→ **Source material**:

⟨

lemma norm_dominated_graph_adjoin:
  assumes R: "norm_dominated_graph R" and y: "y \<notin> fst ` R"
    and c: "\<And>x a. (x, a) \<in> R \<Longrightarrow> a + c \<le> norm (x + y)"
    and c': "\<And>x a. (x, a) \<in> R \<Longrightarrow> a + (- c) \<le> norm (x + - y)"
  shows "norm_dominated_graph {(x + t *\<^sub>R y, a + t * c) | x a t. (x, a) \<in> R}"
    (is "norm_dominated_graph ?R'")
  unfolding norm_dominated_graph_def
proof (intro conjI allI impI)
  fix w u v assume "(w, u) \<in> ?R'" "(w, v) \<in> ?R'"
  then obtain x a t x' a' t' where h: "(x, a) \<in> R" "(x', a') \<in> R"
    "w = x + t *\<^sub>R y" "u = a + t * c" "w = x' + t' *\<^sub>R y" "v = a' + t' * c" by blast
  then have "t = t'" using norm_dominated_graph_decomposition_unique[OF R y] by metis
  then show "u = v" using h norm_dominated_graph_unique[OF R] by auto
next
  fix w u w' v assume "(w, u) \<in> ?R'" "(w', v) \<in> ?R'"
  then obtain x a t x' a' t' where h: "(x, a) \<in> R" "(x', a') \<in> R"
    "w = x + t *\<^sub>R y" "u = a + t * c" "w' = x' + t' *\<^sub>R y" "v = a' + t' * c" by blast
  then have "(x + x', a + a') \<in> R" using norm_dominated_graph_add[OF R] by blast
  moreover have "w + w' = (x + x') + (t + t') *\<^sub>R y" "u + v = (a + a') + (t + t') * c"
    using h by (simp_all add: algebra_simps)
  ultimately show "(w + w', u + v) \<in> ?R'" by blast
next
  fix w u k assume "(w, u) \<in> ?R'"
  then obtain x a t where h: "(x, a) \<in> R" "w = x + t *\<^sub>R y" "u = a + t * c" by blast
  then have "(k *\<^sub>R x, k * a) \<in> R" using norm_dominated_graph_scaleR[OF R] by blast
  moreover have "k *\<^sub>R w = k *\<^sub>R x + (k * t) *\<^sub>R y" "k * u = k * a + (k * t) * c"
    using h by (simp_all add: algebra_simps)
  ultimately show "(k *\<^sub>R w, k * u) \<in> ?R'" by blast
next
  fix w u assume "(w, u) \<in> ?R'"
  then obtain x a t where h: "(x, a) \<in> R" "w = x + t *\<^sub>R y" "u = a + t * c" by blast
  consider "t = 0" | "t > 0" | "- t > 0" by linarith
  then show "u \<le> norm w"
  proof cases
    case 1 then show ?thesis using h norm_dominated_graph_le_norm[OF R] by simp
  next
    case 2 then show ?thesis
      using h norm_dominated_graph_extension_le_norm[OF R c] by simp
  next
    case 3 then show ?thesis
      using h norm_dominated_graph_extension_le_norm[OF R c' h(1) 3] by simp
  qed
qed

lemma norm_dominated_graph_extend:
  fixes R :: "('a::real_normed_vector \<times> real) set"
  assumes R: "norm_dominated_graph R" "R \<noteq> {}" and y: "y \<notin> fst ` R"
  shows "\<exists>R'. norm_dominated_graph R' \<and> R \<subset> R'"
proof -
  obtain c where c: "\<And>x a. (x, a) \<in> R \<Longrightarrow> a + c \<le> norm (x + y)"
    and c': "\<And>x a. (x, a) \<in> R \<Longrightarrow> a + (- c) \<le> norm (x + - y)"
    using norm_dominated_graph_extension_value[OF R] by blast
  define R' where "R' = {(x + t *\<^sub>R y, a + t * c) | x a t. (x, a) \<in> R}"
  have "norm_dominated_graph R'"
    unfolding R'_def by (rule norm_dominated_graph_adjoin[OF R(1) y c c'])
  moreover have "R \<subseteq> R'"
  proof (rule subrelI)
    fix x a assume "(x, a) \<in> R"
    then have "(x + 0 *\<^sub>R y, a + 0 * c) \<in> R'" unfolding R'_def by blast
    then show "(x, a) \<in> R'" by simp
  qed
  moreover have "(y, c) \<in> R' - R"
    using norm_dominated_graph_zero[OF R] y unfolding R'_def by force
  ultimately show ?thesis by blast
qed

lemma norm_dominated_graph_Union_chain:
  assumes "\<And>R. R \<in> C \<Longrightarrow> norm_dominated_graph R"
    and chain: "\<And>R S. R \<in> C \<Longrightarrow> S \<in> C \<Longrightarrow> R \<subseteq> S \<or> S \<subseteq> R"
  shows "norm_dominated_graph (\<Union>C)"
proof -
  have common: "\<exists>R\<in>C. u \<in> R \<and> v \<in> R" if "u \<in> \<Union>C" "v \<in> \<Union>C" for u v
    using that chain by blast
  show ?thesis
    unfolding norm_dominated_graph_def
  proof (intro conjI allI impI)
    fix x a b assume "(x, a) \<in> \<Union>C" "(x, b) \<in> \<Union>C"
    then show "a = b" using common assms(1) norm_dominated_graph_unique by metis
  next
    fix x a y b assume "(x, a) \<in> \<Union>C" "(y, b) \<in> \<Union>C"
    then show "(x + y, a + b) \<in> \<Union>C" using common assms(1) norm_dominated_graph_add by blast
  next
    fix x a c assume "(x, a) \<in> \<Union>C"
    then show "(c *\<^sub>R x, c * a) \<in> \<Union>C" using assms(1) norm_dominated_graph_scaleR by blast
  next
    fix x a assume "(x, a) \<in> \<Union>C"
    then show "a \<le> norm x" using assms(1) norm_dominated_graph_le_norm by blast
  qed
qed

lemma norm_dominated_graph_line:
  "norm_dominated_graph {(c *\<^sub>R x\<^sub>0, c * norm x\<^sub>0) | c. True}"
  unfolding norm_dominated_graph_def
proof (safe, goal_cases)
  case (1 x a b c d) then show ?case by (cases "x\<^sub>0 = 0") (auto simp: scaleR_cancel_right)
next
  case (2 x a y b c d) then show ?case by (auto intro!: exI[of _ "c + d"] simp: algebra_simps)
next
  case (3 x a c d) then show ?case by (auto intro!: exI[of _ "c * d"])
next
  case (4 x a c) then show ?case by (simp add: mult_right_mono)
qed

text \<open>Hahn--Banach: a maximal norm-dominated graph through \<open>(x\<^sub>0, \<parallel>x\<^sub>0\<parallel>)\<close>, obtained
  by Zorn's lemma, is defined everywhere and hence the graph of a norming functional.\<close>
theorem exists_norming_functional:
  fixes x\<^sub>0 :: "'a::real_normed_vector"
  obtains \<phi> where "linear \<phi>" and "\<And>x. \<bar>\<phi> x\<bar> \<le> norm x" and "\<phi> x\<^sub>0 = norm x\<^sub>0"
proof -
  define \<A> where "\<A> = {R. norm_dominated_graph R \<and> (x\<^sub>0, norm x\<^sub>0) \<in> R}"
  have "(x\<^sub>0, norm x\<^sub>0) \<in> {(c *\<^sub>R x\<^sub>0, c * norm x\<^sub>0) | c. True}" by (auto intro!: exI[of _ 1])
  then have "{(c *\<^sub>R x\<^sub>0, c * norm x\<^sub>0) | c. True} \<in> \<A>"
    using norm_dominated_graph_line unfolding \<A>_def by blast
  then have "\<A> \<noteq> {}" by blast
  moreover have "\<Union>C \<in> \<A>" if "C \<noteq> {}" "subset.chain \<A> C" for C
    using that norm_dominated_graph_Union_chain[of C] unfolding \<A>_def subset_chain_def by blast
  ultimately obtain M where "M \<in> \<A>" and maximal: "\<And>R. R \<in> \<A> \<Longrightarrow> M \<subseteq> R \<Longrightarrow> R = M"
    using subset_Zorn_nonempty[of \<A>] by blast
  then have M: "norm_dominated_graph M" and x\<^sub>0: "(x\<^sub>0, norm x\<^sub>0) \<in> M" by (auto simp: \<A>_def)
  have total: "\<exists>a. (x, a) \<in> M" for x
  proof (rule ccontr)
    assume "\<nexists>a. (x, a) \<in> M"
    then have "x \<notin> fst ` M" by force
    then obtain R where "norm_dominated_graph R" "M \<subset> R"
      using norm_dominated_graph_extend[OF M] x\<^sub>0 by blast
    then show False using maximal[of R] x\<^sub>0 by (auto simp: \<A>_def)
  qed
  define \<phi> where "\<phi> x = (THE a. (x, a) \<in> M)" for x
  have graph: "(x, \<phi> x) \<in> M" for x
    unfolding \<phi>_def using total[of x] norm_dominated_graph_unique[OF M] by (metis theI)
  have \<phi>_eq: "\<phi> x = a" if "(x, a) \<in> M" for x a
    using norm_dominated_graph_unique[OF M that graph] by simp
  show ?thesis
  proof
    show "linear \<phi>"
      by (intro linearI \<phi>_eq norm_dominated_graph_add[OF M graph graph])
        (simp add: \<phi>_eq norm_dominated_graph_scaleR[OF M graph])
    show "\<bar>\<phi> x\<bar> \<le> norm x" for x
      using norm_dominated_graph_le_norm[OF M graph, of x]
        norm_dominated_graph_le_norm[OF M norm_dominated_graph_scaleR[OF M graph], of "-1" x]
      by simp
    show "\<phi> x\<^sub>0 = norm x\<^sub>0" using \<phi>_eq[OF x\<^sub>0] .
  qed
qed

⟩

→ **Problem to solve**: Please copy each line of the records above in which the word "that" can be found.

→ **Result for this exercise**:
    using that chain by blast
    using that norm_dominated_graph_Union_chain[of C] unfolding \<A>_def subset_chain_def by blast
    using norm_dominated_graph_unique[OF M that graph] by simp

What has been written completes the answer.